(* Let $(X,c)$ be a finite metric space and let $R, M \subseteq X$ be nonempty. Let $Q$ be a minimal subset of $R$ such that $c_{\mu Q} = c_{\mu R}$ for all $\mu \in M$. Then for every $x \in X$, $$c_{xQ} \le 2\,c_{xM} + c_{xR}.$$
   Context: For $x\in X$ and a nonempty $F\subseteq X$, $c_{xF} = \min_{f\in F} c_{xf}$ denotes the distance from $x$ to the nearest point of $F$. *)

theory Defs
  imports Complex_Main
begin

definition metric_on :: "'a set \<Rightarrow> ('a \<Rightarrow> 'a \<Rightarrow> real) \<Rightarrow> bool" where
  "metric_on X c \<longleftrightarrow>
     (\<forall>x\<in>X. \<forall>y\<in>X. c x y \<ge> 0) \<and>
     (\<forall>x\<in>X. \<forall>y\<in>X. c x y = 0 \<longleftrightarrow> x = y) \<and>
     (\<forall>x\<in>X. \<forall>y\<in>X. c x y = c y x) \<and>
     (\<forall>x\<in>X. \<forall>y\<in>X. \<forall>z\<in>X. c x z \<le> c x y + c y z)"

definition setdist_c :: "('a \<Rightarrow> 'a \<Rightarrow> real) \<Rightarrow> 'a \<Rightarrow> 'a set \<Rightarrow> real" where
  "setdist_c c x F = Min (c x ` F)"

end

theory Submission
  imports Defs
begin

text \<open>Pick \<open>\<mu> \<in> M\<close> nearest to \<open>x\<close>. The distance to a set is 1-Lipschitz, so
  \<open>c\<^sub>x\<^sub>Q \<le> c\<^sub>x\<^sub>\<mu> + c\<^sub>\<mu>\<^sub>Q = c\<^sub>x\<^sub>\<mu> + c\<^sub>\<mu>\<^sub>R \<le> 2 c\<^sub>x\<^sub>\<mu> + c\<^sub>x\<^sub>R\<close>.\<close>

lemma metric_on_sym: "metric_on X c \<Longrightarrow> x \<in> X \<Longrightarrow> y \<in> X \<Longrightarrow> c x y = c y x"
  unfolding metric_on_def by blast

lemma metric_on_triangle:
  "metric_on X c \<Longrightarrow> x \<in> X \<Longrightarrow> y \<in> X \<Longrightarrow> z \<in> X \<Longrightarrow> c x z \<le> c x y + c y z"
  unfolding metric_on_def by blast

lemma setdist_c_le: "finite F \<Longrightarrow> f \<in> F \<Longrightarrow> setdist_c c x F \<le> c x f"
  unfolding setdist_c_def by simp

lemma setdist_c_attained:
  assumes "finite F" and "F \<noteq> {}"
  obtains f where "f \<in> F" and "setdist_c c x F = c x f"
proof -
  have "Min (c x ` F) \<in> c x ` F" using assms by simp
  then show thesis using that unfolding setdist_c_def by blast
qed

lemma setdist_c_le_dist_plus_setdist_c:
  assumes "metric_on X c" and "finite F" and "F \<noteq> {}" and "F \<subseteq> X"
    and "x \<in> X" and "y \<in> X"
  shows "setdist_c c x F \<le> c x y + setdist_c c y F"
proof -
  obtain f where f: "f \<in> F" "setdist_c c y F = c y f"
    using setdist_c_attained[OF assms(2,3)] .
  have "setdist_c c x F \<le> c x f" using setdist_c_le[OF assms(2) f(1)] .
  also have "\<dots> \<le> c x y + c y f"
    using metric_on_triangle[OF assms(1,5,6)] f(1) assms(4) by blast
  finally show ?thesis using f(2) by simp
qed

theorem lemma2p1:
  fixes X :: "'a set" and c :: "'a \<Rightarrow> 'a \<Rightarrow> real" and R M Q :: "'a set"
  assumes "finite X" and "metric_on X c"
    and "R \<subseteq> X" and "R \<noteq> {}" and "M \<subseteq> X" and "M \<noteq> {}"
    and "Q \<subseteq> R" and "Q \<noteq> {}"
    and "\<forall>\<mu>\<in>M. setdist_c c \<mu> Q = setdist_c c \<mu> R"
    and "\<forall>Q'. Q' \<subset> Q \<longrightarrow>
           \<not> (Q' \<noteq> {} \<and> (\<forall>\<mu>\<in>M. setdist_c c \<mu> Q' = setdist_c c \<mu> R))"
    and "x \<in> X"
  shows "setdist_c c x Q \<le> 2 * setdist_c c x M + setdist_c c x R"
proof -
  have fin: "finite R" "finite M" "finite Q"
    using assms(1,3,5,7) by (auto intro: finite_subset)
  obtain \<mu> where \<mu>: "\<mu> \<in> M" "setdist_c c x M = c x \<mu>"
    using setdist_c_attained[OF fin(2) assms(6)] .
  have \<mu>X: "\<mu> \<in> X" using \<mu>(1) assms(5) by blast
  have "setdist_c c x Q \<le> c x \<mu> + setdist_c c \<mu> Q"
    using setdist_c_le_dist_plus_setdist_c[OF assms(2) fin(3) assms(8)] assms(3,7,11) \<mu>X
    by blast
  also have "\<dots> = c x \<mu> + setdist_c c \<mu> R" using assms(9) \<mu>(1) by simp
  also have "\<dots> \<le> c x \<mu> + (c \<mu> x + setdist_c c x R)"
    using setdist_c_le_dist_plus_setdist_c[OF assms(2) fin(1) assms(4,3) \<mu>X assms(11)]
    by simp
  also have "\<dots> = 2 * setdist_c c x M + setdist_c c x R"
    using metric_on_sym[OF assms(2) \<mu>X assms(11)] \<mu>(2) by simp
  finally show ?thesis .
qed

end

Exercise description: Where a line of the data holds "real", show that line.

Task result:
definition metric_on :: "'a set \<Rightarrow> ('a \<Rightarrow> 'a \<Rightarrow> real) \<Rightarrow> bool" where
definition setdist_c :: "('a \<Rightarrow> 'a \<Rightarrow> real) \<Rightarrow> 'a \<Rightarrow> 'a set \<Rightarrow> real" where
  fixes X :: "'a set" and c :: "'a \<Rightarrow> 'a \<Rightarrow> real" and R M Q :: "'a set"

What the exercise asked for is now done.